**THE INPUT**
(* Let $(X,w)$ be a weighted system in a real Euclidean affine space. Then $\mu_1$ is identically $\overrightarrow{O}$ if and only if $\mu_0=0$ and $\sum_{z\in X}w(z)\left(\overrightarrow{xy}^2-\overrightarrow{yz}^2+\overrightarrow{zx}^2\right)=0$ for every $x,y\in X$.
   Context: A weighted system is a finite set $X$ of points with $w:X\to\mathbb{R}$. $\mu_0=\sum_xw(x)$, $\mu_1(p)=\sum_xw(x)\overrightarrow{px}$; the square of a vector is its inner product with itself. *)

theory Defs
  imports "HOL-Analysis.Analysis"
begin

text \<open>A real Euclidean affine space is modelled by a Euclidean space 'a, acting on itself
by translation; the vector from p to x is x - p, and the square of a vector v is v \<bullet> v.\<close>

definition vec :: "'a::real_vector \<Rightarrow> 'a \<Rightarrow> 'a" where
  "vec p x = x - p"

definition mu0 :: "'a set \<Rightarrow> ('a \<Rightarrow> real) \<Rightarrow> real" where
  "mu0 X w = (\<Sum>x\<in>X. w x)"

definition mu1 :: "'a::real_vector set \<Rightarrow> ('a \<Rightarrow> real) \<Rightarrow> 'a \<Rightarrow> 'a" where
  "mu1 X w p = (\<Sum>x\<in>X. w x *\<^sub>R vec p x)"

end

theory Submission
  imports Defs
begin

text \<open>Since \<open>\<mu>\<^sub>1(p) = (\<Sum>z. w(z) z) - \<mu>\<^sub>0 p\<close>, the first moment is independent of \<open>p\<close>
  exactly when \<open>\<mu>\<^sub>0 = 0\<close>, and then it vanishes identically iff it vanishes at one point of \<open>X\<close>.
  By the law of cosines the weighted sum in the statement equals \<open>2 (y - x) \<bullet> \<mu>\<^sub>1(x)\<close>; as
  \<open>\<mu>\<^sub>1(x)\<close> is itself a combination of the vectors \<open>y - x\<close> with \<open>y \<in> X\<close>, it is zero iff it is
  orthogonal to all of them.\<close>

lemma mu1_eq: "mu1 X w p = (\<Sum>z\<in>X. w z *\<^sub>R z) - mu0 X w *\<^sub>R p"
  unfolding mu1_def mu0_def vec_def
  by (simp add: scaleR_diff_right sum_subtractf scaleR_sum_left)

lemma mu1_diff: "mu1 X w p - mu1 X w q = mu0 X w *\<^sub>R (q - p)"
  by (simp add: mu1_eq scaleR_diff_right)

lemma mu1_identically_zero_iff:
  fixes X :: "'a::euclidean_space set"
  assumes "a \<in> A"
  shows "(\<forall>p. mu1 X w p = 0) \<longleftrightarrow> mu0 X w = 0 \<and> (\<forall>x\<in>A. mu1 X w x = 0)"
proof
  assume zero: "\<forall>p. mu1 X w p = 0"
  obtain b :: 'a where "b \<in> Basis"
    using nonempty_Basis by blast
  then have "b \<noteq> 0"
    by (simp add: nonzero_Basis)
  moreover have "mu0 X w *\<^sub>R b = 0"
    using mu1_diff[of X w 0 b] zero by simp
  ultimately show "mu0 X w = 0 \<and> (\<forall>x\<in>A. mu1 X w x = 0)"
    using zero by simp
next
  assume "mu0 X w = 0 \<and> (\<forall>x\<in>A. mu1 X w x = 0)"
  then show "\<forall>p. mu1 X w p = 0"
    using mu1_diff[of X w _ a] assms by simp
qed

lemma law_of_cosines:
  fixes x y z :: "'a::real_inner"
  shows "vec x y \<bullet> vec x y - vec y z \<bullet> vec y z + vec z x \<bullet> vec z x = 2 * (vec x y \<bullet> vec x z)"
  unfolding vec_def
  by (simp add: inner_diff_left inner_diff_right inner_commute[of x y] inner_commute[of x z]
      inner_commute[of y z] algebra_simps)

lemma inner_mu1_right: "v \<bullet> mu1 X w p = (\<Sum>z\<in>X. w z * (v \<bullet> vec p z))"
  unfolding mu1_def by (simp add: inner_sum_right)

lemma weighted_cosine_sum_eq:
  fixes x y :: "'a::real_inner"
  shows "(\<Sum>z\<in>X. w z * (vec x y \<bullet> vec x y - vec y z \<bullet> vec y z + vec z x \<bullet> vec z x))
     = 2 * (vec x y \<bullet> mu1 X w x)"
  by (simp add: law_of_cosines inner_mu1_right sum_distrib_left mult.left_commute)

lemma mu1_eq_0_iff_orthogonal:
  fixes p :: "'a::real_inner"
  shows "mu1 X w p = 0 \<longleftrightarrow> (\<forall>y\<in>X. vec p y \<bullet> mu1 X w p = 0)"
proof
  assume "\<forall>y\<in>X. vec p y \<bullet> mu1 X w p = 0"
  then have "mu1 X w p \<bullet> mu1 X w p = 0"
    by (simp add: mu1_def inner_sum_left inner_commute)
  then show "mu1 X w p = 0"
    by simp
qed simp

lemma weighted_cosine_sums_vanish_iff:
  fixes X :: "'a::real_inner set"
  shows "(\<forall>x\<in>X. \<forall>y\<in>X. (\<Sum>z\<in>X. w z * (vec x y \<bullet> vec x y - vec y z \<bullet> vec y z + vec z x \<bullet> vec z x)) = 0)
     \<longleftrightarrow> (\<forall>x\<in>X. mu1 X w x = 0)"
  using mu1_eq_0_iff_orthogonal[of X w] by (simp add: weighted_cosine_sum_eq)

theorem corollary2p6:
  fixes X :: "'a::euclidean_space set" and w :: "'a \<Rightarrow> real"
  assumes "finite X"
  shows "(\<forall>p. mu1 X w p = 0) \<longleftrightarrow>
    (mu0 X w = 0 \<and>
     (\<forall>x\<in>X. \<forall>y\<in>X. (\<Sum>z\<in>X. w z * (vec x y \<bullet> vec x y - vec y z \<bullet> vec y z + vec z x \<bullet> vec z x)) = 0))"
proof (cases "X = {}")
  case True
  then show ?thesis
    by (simp add: mu0_def mu1_def)
next
  case False
  then obtain a where "a \<in> X"
    by blast
  then show ?thesis
    by (simp add: mu1_identically_zero_iff weighted_cosine_sums_vanish_iff)
qed

end
lemma finite_partition_small_oscillation:
  fixes Fs :: "('a \<Rightarrow> real) set"
  assumes "finite Fs" "D \<in> sets M" "d > 0"
    and meas: "\<And>g. g \<in> Fs \<Longrightarrow> g \<in> borel_measurable M"
    and bdd: "\<And>g. g \<in> Fs \<Longrightarrow> \<exists>B. \<forall>x\<in>D. \<bar>g x\<bar> \<le> B"
  obtains \<C> where "finite \<C>" "disjoint \<C>" "{} \<notin> \<C>" "\<Union>\<C> = D" "\<And>C. C \<in> \<C> \<Longrightarrow> C \<in> sets M"
    "\<And>g C x y. g \<in> Fs \<Longrightarrow> C \<in> \<C> \<Longrightarrow> x \<in> C \<Longrightarrow> y \<in> C \<Longrightarrow> \<bar>g x - g y\<bar> \<le> d"
proof -
  \<comment> \<open>The cells are the fibres of \<open>x \<mapsto> (\<lfloor>g x / d\<rfloor>)\<^bsub>g \<in> Fs\<^esub>\<close> on \<open>D\<close>.\<close>
  define key where "key x = (\<lambda>g\<in>Fs. \<lfloor>g x / d\<rfloor>)" for x
  define cell where "cell k = {x \<in> D. key x = k}" for k
  have key_eq_iff: "key x = key y \<longleftrightarrow> (\<forall>g\<in>Fs. \<lfloor>g x / d\<rfloor> = \<lfloor>g y / d\<rfloor>)" for x y
    unfolding key_def by (rule restrict_eq_restrict_iff)
  have "finite (key ` D)"
    unfolding key_def[abs_def] using assms(1,3) bdd by (rule finite_image_restrict_floor_divide)
  show ?thesis
  proof
    show "finite (cell ` key ` D)"
      using \<open>finite (key ` D)\<close> by simp
    show "disjoint (cell ` key ` D)"
    proof (rule disjointI)
      fix a b assume "a \<in> cell ` key ` D" "b \<in> cell ` key ` D" "a \<noteq> b"
      then show "a \<inter> b = {}"
        by (auto simp: cell_def)
    qed
    show "{} \<notin> cell ` key ` D"
      unfolding cell_def by blast
    show "\<Union>(cell ` key ` D) = D"
      unfolding cell_def by blast
    show "C \<in> sets M" if C: "C \<in> cell ` key ` D" for C
    proof -
      obtain y where "C = cell (key y)"
        using C by blast
      then have "C = D \<inter> {x \<in> space M. \<forall>g\<in>Fs. \<lfloor>g x / d\<rfloor> = \<lfloor>g y / d\<rfloor>}"
        using sets.sets_into_space[OF \<open>D \<in> sets M\<close>] by (auto simp: cell_def key_eq_iff)
      also have "\<dots> \<in> sets M"
        using \<open>D \<in> sets M\<close> \<open>finite Fs\<close> meas by (intro sets.Int sets.sets_Collect_finite_All) auto
      finally show ?thesis .
    qed
    show "\<bar>g x - g y\<bar> \<le> d" if "g \<in> Fs" "C \<in> cell ` key ` D" "x \<in> C" "y \<in> C" for g C x y
    proof -
      have "key x = key y"
        using that(2-4) by (auto simp: cell_def)
      then have "\<lfloor>g x / d\<rfloor> = \<lfloor>g y / d\<rfloor>"
        using \<open>g \<in> Fs\<close> unfolding key_eq_iff by blast
      then show ?thesis
        by (rule less_imp_le[OF abs_diff_less_if_floor_divide_eq[OF \<open>d > 0\<close>]])
    qed
  qed
qed

lemma (in finite_measure) finite_average_approx_partition:
  fixes Fs :: "('a \<Rightarrow> real) set"
  assumes "finite \<C>" "disjoint \<C>" "{} \<notin> \<C>" "\<Union>\<C> = D" "\<And>C. C \<in> \<C> \<Longrightarrow> C \<in> sets M"
    and "measure M D > 0"
    and integrable: "\<And>g. g \<in> Fs \<Longrightarrow> set_integrable M D g"
    and osc: "\<And>g C x y. g \<in> Fs \<Longrightarrow> C \<in> \<C> \<Longrightarrow> x \<in> C \<Longrightarrow> y \<in> C \<Longrightarrow> \<bar>g x - g y\<bar> \<le> d"
  obtains P w where "finite P" "P \<subseteq> D" "\<And>x. x \<in> P \<Longrightarrow> 0 \<le> w x" "sum w P = 1"
    "\<And>g. g \<in> Fs \<Longrightarrow> \<bar>(\<Sum>x\<in>P. w x * g x) - (LINT x:D|M. g x) / measure M D\<bar> \<le> d"
proof -
  define p where "p C = (SOME x. x \<in> C)" for C :: "'a set"
  have p: "p C \<in> C" if "C \<in> \<C>" for C
    using that \<open>{} \<notin> \<C>\<close> unfolding p_def by (metis ex_in_conv someI_ex)
  have disjoint: "disjoint_family_on (\<lambda>C. C) \<C>"
    using \<open>disjoint \<C>\<close> by (simp add: disjoint_family_on_def disjoint_def)
  have "inj_on p \<C>"
    using p \<open>disjoint \<C>\<close> by (intro inj_onI) (metis disjoint_def disjoint_iff)
  have D_eq: "D = (\<Union>C\<in>\<C>. C)"
    using \<open>\<Union>\<C> = D\<close> by simp
  define w where "w x = measure M (inv_into \<C> p x) / measure M D" for x
  have sum_reindex: "(\<Sum>x\<in>p ` \<C>. w x * f x) = (\<Sum>C\<in>\<C>. measure M C * f (p C)) / measure M D" for f
    using \<open>inj_on p \<C>\<close> by (simp add: sum.reindex w_def sum_divide_distrib)
  show ?thesis
  proof
    show "finite (p ` \<C>)" "p ` \<C> \<subseteq> D"
      using \<open>finite \<C>\<close> p D_eq by auto
    show "0 \<le> w x" for x
      using \<open>measure M D > 0\<close> by (simp add: w_def)
    have "measure M D = (\<Sum>C\<in>\<C>. measure M C)"
      unfolding D_eq by (rule measure_finite_Union) (use \<open>finite \<C>\<close> disjoint assms(5) in auto)
    then show "sum w (p ` \<C>) = 1"
      using sum_reindex[of "\<lambda>_. 1"] \<open>measure M D > 0\<close> by simp
    fix g assume "g \<in> Fs"
    have "set_integrable M C g" if "C \<in> \<C>" for C
      using set_integrable_subset[OF integrable[OF \<open>g \<in> Fs\<close>] assms(5)[OF that]] that D_eq by blast
    then have "\<bar>(LINT x:D|M. g x) - (\<Sum>C\<in>\<C>. measure M C * g (p C))\<bar> \<le> d * measure M D"
      unfolding D_eq using \<open>finite \<C>\<close> disjoint assms(5) osc[OF \<open>g \<in> Fs\<close> _ _ p]
      by (intro set_integral_Riemann_sum_approx) auto
    then show "\<bar>(\<Sum>x\<in>p ` \<C>. w x * g x) - (LINT x:D|M. g x) / measure M D\<bar> \<le> d"
      using \<open>measure M D > 0\<close>
      by (simp add: sum_reindex abs_minus_commute divide_le_eq flip: diff_divide_distrib)
  qed
qed

lemma (in finite_measure) set_integrable_bounded:
  fixes g :: "'a \<Rightarrow> real"
  assumes "D \<in> sets M" "g \<in> borel_measurable M" "\<And>x. x \<in> D \<Longrightarrow> \<bar>g x\<bar> \<le> B"
  shows "set_integrable M D g"
  unfolding set_integrable_def
proof (rule integrable_const_bound[where B="max B 0"])
  show "AE x in M. norm (indicator D x *\<^sub>R g x) \<le> max B 0"
    using assms(3) by (intro AE_I2) (auto simp: indicator_def le_max_iff_disj)
  show "(\<lambda>x. indicator D x *\<^sub>R g x) \<in> borel_measurable M"
    using assms(1,2) by measurable
qed

lemma (in finite_measure) finite_average_approx_set_integral:
  fixes Fs :: "('a \<Rightarrow> real) set"
  assumes "finite Fs" "D \<in> sets M" "measure M D > 0" "d > 0"
    and meas: "\<And>g. g \<in> Fs \<Longrightarrow> g \<in> borel_measurable M"
    and bdd: "\<And>g. g \<in> Fs \<Longrightarrow> \<exists>B. \<forall>x\<in>D. \<bar>g x\<bar> \<le> B"
  obtains P w where "finite P" "P \<subseteq> D" "\<And>x. x \<in> P \<Longrightarrow> 0 \<le> w x" "sum w P = 1"
    "\<And>g. g \<in> Fs \<Longrightarrow> \<bar>(\<Sum>x\<in>P. w x * g x) - (LINT x:D|M. g x) / measure M D\<bar> \<le> d"
proof -
  obtain \<C> where \<C>: "finite \<C>" "disjoint \<C>" "{} \<notin> \<C>" "\<Union>\<C> = D" "\<And>C. C \<in> \<C> \<Longrightarrow> C \<in> sets M"
    and osc: "\<And>g C x y. g \<in> Fs \<Longrightarrow> C \<in> \<C> \<Longrightarrow> x \<in> C \<Longrightarrow> y \<in> C \<Longrightarrow> \<bar>g x - g y\<bar> \<le> d"
    using finite_partition_small_oscillation[OF assms(1,2,4) meas bdd] by blast
  have integrable: "set_integrable M D g" if "g \<in> Fs" for g
    using bdd[OF that] set_integrable_bounded[OF \<open>D \<in> sets M\<close> meas[OF that]] by blast
  show ?thesis
    by (rule finite_average_approx_partition[OF \<C> assms(3) integrable osc that])
qed

lemma (in prob_space) set_integral_add_compl:
  fixes f :: "'a \<Rightarrow> real"
  assumes "D \<in> sets M" "integrable M f"
  shows "(LINT x:D|M. f x) + (LINT x:space M - D|M. f x) = expectation f"
  unfolding set_lebesgue_integral_def
proof (subst Bochner_Integration.integral_add[symmetric])
  have "integrable M (\<lambda>x. indicator A x *\<^sub>R f x)" if "A \<in> sets M" for A
    using that assms(2) by (rule integrable_mult_indicator)
  then show "integrable M (\<lambda>x. indicator D x *\<^sub>R f x)" "integrable M (\<lambda>x. indicator (space M - D) x *\<^sub>R f x)"
    using assms(1) by auto
  show "(\<integral>x. indicator D x *\<^sub>R f x + indicator (space M - D) x *\<^sub>R f x \<partial>M) = expectation f"
    by (rule Bochner_Integration.integral_cong) (auto split: split_indicator)
qed
(* Fix an integer $q\ge 2$. There exist constants $c>0$ and $n_0$ depending only on $q$ such that for all $n \ge n_0$, all positive integers $t \le 10\sqrt{n}$, and all $S \subseteq [q]^n$ with $|S| \ge n^4 H_q(n,t)$, we have \[ \Delta(G[S]) \ge c\,\frac{n^{3/2}}{H_q(n,t)}\,|S|. \]
   Context: $d(x,y)$ is the Hamming distance on $[q]^n$ (number of differing coordinates). $V_q(n,r) = \sum_{i=0}^{r}\binom{n}{i}(q-1)^i$ and $H_q(n,t) = q^n / V_q(n,t)$. $G = G_{q,n,t}$ is the graph with vertex set $[q]^n$ in which two distinct vertices are adjacent iff their Hamming distance is at most $2t$; $G[S]$ is its induced subgraph on $S$, and $\Delta(\cdot)$ denotes maximum degree. *)

theory Defs
  imports "HOL-Analysis.Analysis"
begin

text \<open>The Hamming cube [q]^n, represented by functions nat => nat that take
values in {0..<q} on coordinates 0..<n and are 0 elsewhere.\<close>
definition cube :: "nat \<Rightarrow> nat \<Rightarrow> (nat \<Rightarrow> nat) set" where
  "cube q n = {x. (\<forall>i<n. x i < q) \<and> (\<forall>i\<ge>n. x i = 0)}"

definition hamming :: "nat \<Rightarrow> (nat \<Rightarrow> nat) \<Rightarrow> (nat \<Rightarrow> nat) \<Rightarrow> nat" where
  "hamming n x y = card {i. i < n \<and> x i \<noteq> y i}"

definition ball_vol :: "nat \<Rightarrow> nat \<Rightarrow> nat \<Rightarrow> nat" where
  "ball_vol q n r = (\<Sum>i=0..r. (n choose i) * (q - 1) ^ i)"

definition hamming_bound :: "nat \<Rightarrow> nat \<Rightarrow> nat \<Rightarrow> real" where
  "hamming_bound q n t = real q ^ n / real (ball_vol q n t)"

text \<open>Degree of v in the induced subgraph G_{q,n,t}[S]: distinct vertices of S
at Hamming distance at most 2t.\<close>
definition induced_degree :: "nat \<Rightarrow> nat \<Rightarrow> (nat \<Rightarrow> nat) set \<Rightarrow> (nat \<Rightarrow> nat) \<Rightarrow> nat" where
  "induced_degree n t S v = card {u \<in> S. u \<noteq> v \<and> hamming n u v \<le> 2 * t}"

definition max_degree :: "nat \<Rightarrow> nat \<Rightarrow> (nat \<Rightarrow> nat) set \<Rightarrow> nat" where
  "max_degree n t S = (if S = {} then 0 else Max (induced_degree n t S ` S))"

end

theory Submission
  imports Defs
begin
lemma abelian_subspace_nilpotent:
  assumes "subspace S" and "\<And>x y. x \<in> S \<Longrightarrow> y \<in> S \<Longrightarrow> br x y = 0"
  shows "lie_nilpotent sc br S"
proof -
  have "{br x y | x y. x \<in> S \<and> y \<in> S} = {0}"
    using assms subspace_0[OF assms(1)] by force
  then have "lower_central sc br S (Suc 0) = {0}" by simp
  then show ?thesis unfolding lie_nilpotent_def by blast
qed

lemma ideal_element_kills_nonzero_product:
  assumes "lie_ideal sc br UNIV I" and "lie_nilpotent sc br I" and "x \<in> I" and "br y x \<noteq> 0"
  shows "\<exists>s t. br s t \<noteq> 0 \<and> br (br s t) x = 0"
proof -
  define g where "g k = ((\<lambda>v. br v x) ^^ k) (br y x)" for k
  have g_lower_central: "g k \<in> lower_central sc br I k" for k
  proof (induction k)
    case 0
    show ?case using assms(1,3) by (simp add: g_def lie_ideal_def)
  next
    case (Suc k)
    then show ?case using assms(3) by (auto simp: g_def intro!: span_base)
  qed
  obtain m where "g m = 0"
    using assms(2) g_lower_central unfolding lie_nilpotent_def by (metis singletonD)
  then have "\<exists>k. g k \<noteq> 0 \<and> g (Suc k) = 0"
  proof (induction m)
    case 0
    then show ?case using assms(4) by (simp add: g_def)
  next
    case (Suc m)
    then show ?case by (cases "g m = 0") blast+
  qed
  then obtain k where "g k \<noteq> 0" and "br (g k) x = 0" by (auto simp: g_def)
  moreover obtain s t where "g k = br s t" by (cases k) (auto simp: g_def)
  ultimately show ?thesis by auto
qed

lemma nilpotent_ideal_centralizes_brackets:
  assumes Phi1: "\<forall>x1 x2 x3 x4. br (br x1 x2) (br x3 x4) = 0"
    and Phi3: "\<forall>x y z. x \<noteq> 0 \<and> br x y = 0 \<and> br x z = 0 \<longrightarrow> br y z = 0"
    and "lie_ideal sc br UNIV I" and "lie_nilpotent sc br I" and "x \<in> I"
  shows "br x (br p q) = 0"
proof (cases "\<exists>y. br y x \<noteq> 0")
  case False
  then show ?thesis using bracket_antisym[of x "br p q"] by simp
next
  case True
  then obtain s t where "br s t \<noteq> 0" and "br (br s t) x = 0"
    using ideal_element_kills_nonzero_product assms(3-5) by blast
  moreover have "br (br s t) (br p q) = 0" using Phi1 by blast
  ultimately show ?thesis using Phi3 by blast
qed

**WORK REQUIRED**
Please transcribe the data above without changes, from its first line to its "zero iff it is" line, and leave out anything past that.

**REPLY**
(* Let $(X,w)$ be a weighted system in a real Euclidean affine space. Then $\mu_1$ is identically $\overrightarrow{O}$ if and only if $\mu_0=0$ and $\sum_{z\in X}w(z)\left(\overrightarrow{xy}^2-\overrightarrow{yz}^2+\overrightarrow{zx}^2\right)=0$ for every $x,y\in X$.
   Context: A weighted system is a finite set $X$ of points with $w:X\to\mathbb{R}$. $\mu_0=\sum_xw(x)$, $\mu_1(p)=\sum_xw(x)\overrightarrow{px}$; the square of a vector is its inner product with itself. *)

theory Defs
  imports "HOL-Analysis.Analysis"
begin

text \<open>A real Euclidean affine space is modelled by a Euclidean space 'a, acting on itself
by translation; the vector from p to x is x - p, and the square of a vector v is v \<bullet> v.\<close>

definition vec :: "'a::real_vector \<Rightarrow> 'a \<Rightarrow> 'a" where
  "vec p x = x - p"

definition mu0 :: "'a set \<Rightarrow> ('a \<Rightarrow> real) \<Rightarrow> real" where
  "mu0 X w = (\<Sum>x\<in>X. w x)"

definition mu1 :: "'a::real_vector set \<Rightarrow> ('a \<Rightarrow> real) \<Rightarrow> 'a \<Rightarrow> 'a" where
  "mu1 X w p = (\<Sum>x\<in>X. w x *\<^sub>R vec p x)"

end

theory Submission
  imports Defs
begin

text \<open>Since \<open>\<mu>\<^sub>1(p) = (\<Sum>z. w(z) z) - \<mu>\<^sub>0 p\<close>, the first moment is independent of \<open>p\<close>
  exactly when \<open>\<mu>\<^sub>0 = 0\<close>, and then it vanishes identically iff it vanishes at one point of \<open>X\<close>.
  By the law of cosines the weighted sum in the statement equals \<open>2 (y - x) \<bullet> \<mu>\<^sub>1(x)\<close>; as
  \<open>\<mu>\<^sub>1(x)\<close> is itself a combination of the vectors \<open>y - x\<close> with \<open>y \<in> X\<close>, it is zero iff it is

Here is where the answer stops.